Saccharomyces cerevisiae Final Risk Assessment
ATTACHMENT I--FINAL RISK ASSESSMENT OF
Saccharomyces cerevisiae has an extensive history of use in the area of food processing. Also known as Baker's Yeast or Brewer's Yeast, this organism has been used for centuries as leavening for bread and as a fermenter of alcoholic beverages. With a prolonged history of industrial applications, this yeast has been either the subject of or model for various studies in the principles of microbiology. Jacob Henle based his theories of disease transmission on studies of strains of Brewer's Yeast. Currently, S. cerevisiae is the subject of a major international effort to characterize a eucaryotic genome (Anderson, 1992).

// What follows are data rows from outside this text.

(* If a topological space $X$ has a countable $\mathsf{cs}^\bullet$-network at a point $x\in X$, then $X$ is $(\omega_1,\omega)_p$-equiconvergent at $x$.
   Context: A family $\mathcal N$ of subsets of $X$ is a $\mathsf{cs}^\bullet$-network at $x$ if for every neighborhood $O_x$ of $x$ and every sequence $(x_n)_{n\in\omega}$ converging to $x$ there is $N\in\mathcal N$ with $N\subseteq O_x$ and $x_n\in N$ for some $n$. $X$ is $(\omega_1,\omega)_p$-equiconvergent at $x$ if for every indexed family $\{x_\alpha\}_{\alpha\in\omega_1}$ of sequences in $X^\omega$ converging to $x$ there is a countably infinite $\Lambda\subseteq\omega_1$ such that for every neighborhood $O_x$ of $x$ there is $n\in\omega$ with $\{\alpha\in\Lambda: x_\alpha(n)\notin O_x\}$ finite. *)

theory Defs
  imports "HOL-Analysis.Analysis"
begin

definition cs_bullet_network_at :: "'a topology \<Rightarrow> 'a set set \<Rightarrow> 'a \<Rightarrow> bool" where
  "cs_bullet_network_at X \<N> x \<longleftrightarrow>
     (\<forall>N\<in>\<N>. N \<subseteq> topspace X) \<and>
     (\<forall>U s. openin X U \<and> x \<in> U \<and> range s \<subseteq> topspace X \<and> limitin X s x sequentially
        \<longrightarrow> (\<exists>N\<in>\<N>. N \<subseteq> U \<and> (\<exists>n. s n \<in> N)))"

text \<open>The index set omega_1 is represented by an
  arbitrary set A of cardinality aleph_1 (i.e. card_of A is order-isomorphic to the
  successor cardinal of natLeq).\<close>
definition equiconv_w1_w_at :: "'a topology \<Rightarrow> 'a \<Rightarrow> bool" where
  "equiconv_w1_w_at X x \<longleftrightarrow>
     (\<forall>(A :: nat set set) (xs :: nat set \<Rightarrow> nat \<Rightarrow> 'a).
        (card_of A, cardSuc natLeq) \<in> ordIso \<and>
        (\<forall>\<alpha>\<in>A. range (xs \<alpha>) \<subseteq> topspace X \<and> limitin X (xs \<alpha>) x sequentially)
        \<longrightarrow> (\<exists>\<Lambda>\<subseteq>A. countable \<Lambda> \<and> infinite \<Lambda> \<and>
               (\<forall>U. openin X U \<and> x \<in> U \<longrightarrow> (\<exists>n. finite {\<alpha>\<in>\<Lambda>. xs \<alpha> n \<notin> U}))))"

end

theory Submission
  imports Defs "HOL-Library.Countable_Set_Type"
begin

text \<open>Enumerate the countable network as \<open>N\<^sub>0, N\<^sub>1, \<dots>\<close> and code each sequence \<open>x\<^sub>\<alpha>\<close> by the
  sequence of first indices at which it enters \<open>N\<^sub>0, N\<^sub>1, \<dots>\<close>. Each initial segment of this code
  takes only countably many values, so among the uncountably many \<open>\<alpha>\<close> there is an \<open>a\<close> whose
  code-prefixes of every length are shared by uncountably many \<open>\<alpha>\<close>; choose distinct
  \<open>\<alpha>\<^sub>0, \<alpha>\<^sub>1, \<dots>\<close> with \<open>\<alpha>\<^sub>j\<close> agreeing with \<open>a\<close> on the first \<open>j + 1\<close> entries. Given a neighbourhood
  \<open>U\<close>, the network yields \<open>N\<^sub>k \<subseteq> U\<close> met by \<open>x\<^sub>a\<close>, first at index \<open>m\<close>; then \<open>x\<^sub>\<alpha>\<^sub>j(m) \<in> N\<^sub>k \<subseteq> U\<close>
  for all \<open>j \<ge> k\<close>.\<close>

lemma inj_choice_from_infinite_sets:
  fixes C :: "nat \<Rightarrow> 'a set"
  assumes "\<And>n. infinite (C n)"
  obtains f where "inj f" "\<And>n. f n \<in> C n"
proof -
  define chosen where "chosen = rec_nat {} (\<lambda>n S. insert (SOME a. a \<in> C n - S) S)"
  define f where "f n = (SOME a. a \<in> C n - chosen n)" for n
  have chosen_eq: "chosen n = f ` {..<n}" for n
    by (induction n) (simp_all add: chosen_def f_def lessThan_Suc)
  have f_in: "f n \<in> C n - f ` {..<n}" for n
  proof -
    have "infinite (C n - chosen n)"
      using assms[of n] by (simp add: chosen_eq Diff_infinite_finite)
    then have "\<exists>a. a \<in> C n - chosen n"
      by (metis ex_in_conv finite.emptyI)
    then show ?thesis
      unfolding f_def chosen_eq[symmetric] by (rule someI_ex)
  qed
  have "inj f"
  proof (rule injI)
    fix i j assume "f i = f j"
    with f_in[of i] f_in[of j] show "i = j"
      by (metis imageI lessThan_iff linorder_neqE_nat DiffD2)
  qed
  with f_in that show thesis by blast
qed

lemma point_with_uncountable_fibres:
  fixes P :: "'k::countable \<Rightarrow> 'a \<Rightarrow> 'c::countable"
  assumes "uncountable A"
  obtains a where "a \<in> A" "\<And>k. uncountable {b \<in> A. P k b = P k a}"
proof -
  define small where "small = (\<Union>k. \<Union>c \<in> {c. countable {b \<in> A. P k b = c}}. {b \<in> A. P k b = c})"
  have "countable small"
    unfolding small_def by (intro countable_UN countableI_type) auto
  with assms obtain a where "a \<in> A" "a \<notin> small"
    by (metis countable_subset subsetI)
  moreover have "uncountable {b \<in> A. P k b = P k a}" for k
    using \<open>a \<in> A\<close> \<open>a \<notin> small\<close> unfolding small_def by blast
  ultimately show thesis
    using that by blast
qed

lemma uncountable_imp_inj_seq_agreeing_on_prefixes:
  fixes g :: "'a \<Rightarrow> nat \<Rightarrow> 'c::countable"
  assumes "uncountable A"
  obtains a f where "a \<in> A" "inj f" "range f \<subseteq> A" "\<And>i j. i \<le> j \<Longrightarrow> g (f j) i = g a i"
proof -
  obtain a where "a \<in> A"
    and a: "\<And>k. uncountable {b \<in> A. map (g b) [0..<Suc k] = map (g a) [0..<Suc k]}"
    using point_with_uncountable_fibres[OF assms, of "\<lambda>k b. map (g b) [0..<Suc k]"] by blast
  define agree where "agree k = {b \<in> A. map (g b) [0..<Suc k] = map (g a) [0..<Suc k]}" for k
  have "infinite (agree k)" for k
    using a countable_finite unfolding agree_def by blast
  then obtain f where "inj f" and f: "\<And>k. f k \<in> agree k"
    using inj_choice_from_infinite_sets by blast
  have "g (f j) i = g a i" if "i \<le> j" for i j
    using f[of j] that by (auto simp: agree_def map_eq_conv le_less)
  moreover have "range f \<subseteq> A"
    using f by (auto simp: agree_def)
  ultimately show thesis
    using \<open>a \<in> A\<close> \<open>inj f\<close> that by blast
qed

lemma uncountable_if_card_of_ordIso_cardSuc_natLeq:
  assumes "(card_of A, cardSuc natLeq) \<in> ordIso"
  shows "uncountable A"
proof
  assume "countable A"
  then have "(card_of A, natLeq) \<in> ordLeq"
    by (simp add: countable_card_le_natLeq)
  also have "(natLeq, cardSuc natLeq) \<in> ordLess"
    by (rule cardSuc_greater[OF natLeq_Card_order])
  finally show False
    using assms not_ordLess_ordIso by blast
qed

definition first_hit :: "(nat \<Rightarrow> 'a) \<Rightarrow> 'a set \<Rightarrow> nat option" where
  "first_hit s N = (if \<exists>n. s n \<in> N then Some (LEAST n. s n \<in> N) else None)"

lemma first_hit_SomeD: "first_hit s N = Some m \<Longrightarrow> s m \<in> N"
  unfolding first_hit_def by (auto split: if_splits intro: LeastI_ex)

lemma first_hit_eq_Some: "s n \<in> N \<Longrightarrow> \<exists>m. first_hit s N = Some m"
  unfolding first_hit_def by auto

lemma cs_bullet_network_atD:
  assumes "cs_bullet_network_at X \<N> x" "openin X U" "x \<in> U"
    and "range s \<subseteq> topspace X" "limitin X s x sequentially"
  obtains N n where "N \<in> \<N>" "N \<subseteq> U" "s n \<in> N"
  using assms unfolding cs_bullet_network_at_def by blast

lemma eventually_in_if_first_hits_agree:
  assumes "cs_bullet_network_at X \<N> x" "countable \<N>" "openin X U" "x \<in> U"
    and "range s \<subseteq> topspace X" "limitin X s x sequentially"
    and agree: "\<And>i j. i \<le> j \<Longrightarrow> first_hit (t j) (from_nat_into \<N> i) = first_hit s (from_nat_into \<N> i)"
  obtains m where "\<forall>\<^sub>F j in sequentially. t j m \<in> U"
proof -
  obtain N n where "N \<in> \<N>" "N \<subseteq> U" "s n \<in> N"
    using cs_bullet_network_atD[OF assms(1,3-6)] by blast
  then obtain k m where k: "from_nat_into \<N> k = N" and m: "first_hit s N = Some m"
    by (metis assms(2) from_nat_into_surj first_hit_eq_Some)
  have "t j m \<in> U" if "k \<le> j" for j
  proof -
    have "first_hit (t j) N = Some m"
      using agree[OF that] k m by simp
    then show ?thesis
      using first_hit_SomeD \<open>N \<subseteq> U\<close> by blast
  qed
  then show thesis
    using that eventually_sequentially by blast
qed

theorem theorem4p2:
  fixes X :: "'a topology" and x :: 'a and \<N> :: "'a set set"
  assumes "x \<in> topspace X"
    and "countable \<N>"
    and "cs_bullet_network_at X \<N> x"
  shows "equiconv_w1_w_at X x"
  unfolding equiconv_w1_w_at_def
proof (intro allI impI)
  fix A :: "nat set set" and xs :: "nat set \<Rightarrow> nat \<Rightarrow> 'a"
  assume A: "(card_of A, cardSuc natLeq) \<in> ordIso \<and>
    (\<forall>\<alpha>\<in>A. range (xs \<alpha>) \<subseteq> topspace X \<and> limitin X (xs \<alpha>) x sequentially)"
  obtain a f where "a \<in> A" "inj f" "range f \<subseteq> A"
    and agree: "\<And>i j. i \<le> j \<Longrightarrow> first_hit (xs (f j)) (from_nat_into \<N> i) = first_hit (xs a) (from_nat_into \<N> i)"
    using uncountable_imp_inj_seq_agreeing_on_prefixes[where g = "\<lambda>\<alpha> i. first_hit (xs \<alpha>) (from_nat_into \<N> i)"]
      uncountable_if_card_of_ordIso_cardSuc_natLeq A by blast
  have "\<exists>m. finite {\<alpha> \<in> range f. xs \<alpha> m \<notin> U}" if U: "openin X U" "x \<in> U" for U
  proof -
    obtain m where "\<forall>\<^sub>F j in sequentially. xs (f j) m \<in> U"
      using eventually_in_if_first_hits_agree[OF assms(3,2) U, of "xs a" "\<lambda>j. xs (f j)"] A \<open>a \<in> A\<close> agree
      by blast
    then have "finite {j. xs (f j) m \<notin> U}"
      by (simp add: eventually_cofinite cofinite_eq_sequentially[symmetric])
    then have "finite (f ` {j. xs (f j) m \<notin> U})"
      by (rule finite_imageI)
    also have "f ` {j. xs (f j) m \<notin> U} = {\<alpha> \<in> range f. xs \<alpha> m \<notin> U}"
      by blast
    finally show ?thesis ..
  qed
  with \<open>range f \<subseteq> A\<close> \<open>inj f\<close> show "\<exists>\<Lambda>\<subseteq>A. countable \<Lambda> \<and> infinite \<Lambda> \<and>
    (\<forall>U. openin X U \<and> x \<in> U \<longrightarrow> (\<exists>n. finite {\<alpha>\<in>\<Lambda>. xs \<alpha> n \<notin> U}))"
    by (intro exI[of _ "range f"]) (auto simp: range_inj_infinite)
qed

end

History of Commercial Use and Products Subject to TSCA Jurisdiction
Saccharomyces cerevisiae, in addition to its use in food processing, is widely used for the production of macromolecular cellular components such as lipids, proteins including enzymes, and vitamins (Bigelis, 1985; Stewart and Russell, 1985).
The Food and Drug Administration rates Brewer's Yeast extract as Generally Recognized as Safe (FDA, 1986). Furthermore, the National Institutes of Health in its Guidelines for Research Involving Recombinant DNA Molecules (DHHS, 1986) considers S. cerevisiae a safe organism. Most experiments involving S. cerevisiae have been exempted from the NIH Guidelines based on an analysis of safety (see Appendix C-II of the NIH Guidelines). While alcoholic beverages, vitamins, and bread leavening are covered under the Federal Food, Drug and Cosmetic Act, the production of enzymes and other macromolecules may be subject to TSCA regulation. The abundance of information on S. cerevisiae, derived from its role in industry, has positioned it as a primary model for genetic studies and, by extension, as a strong candidate for genetic manipulation for TSCA applications (Dynamac, 1990).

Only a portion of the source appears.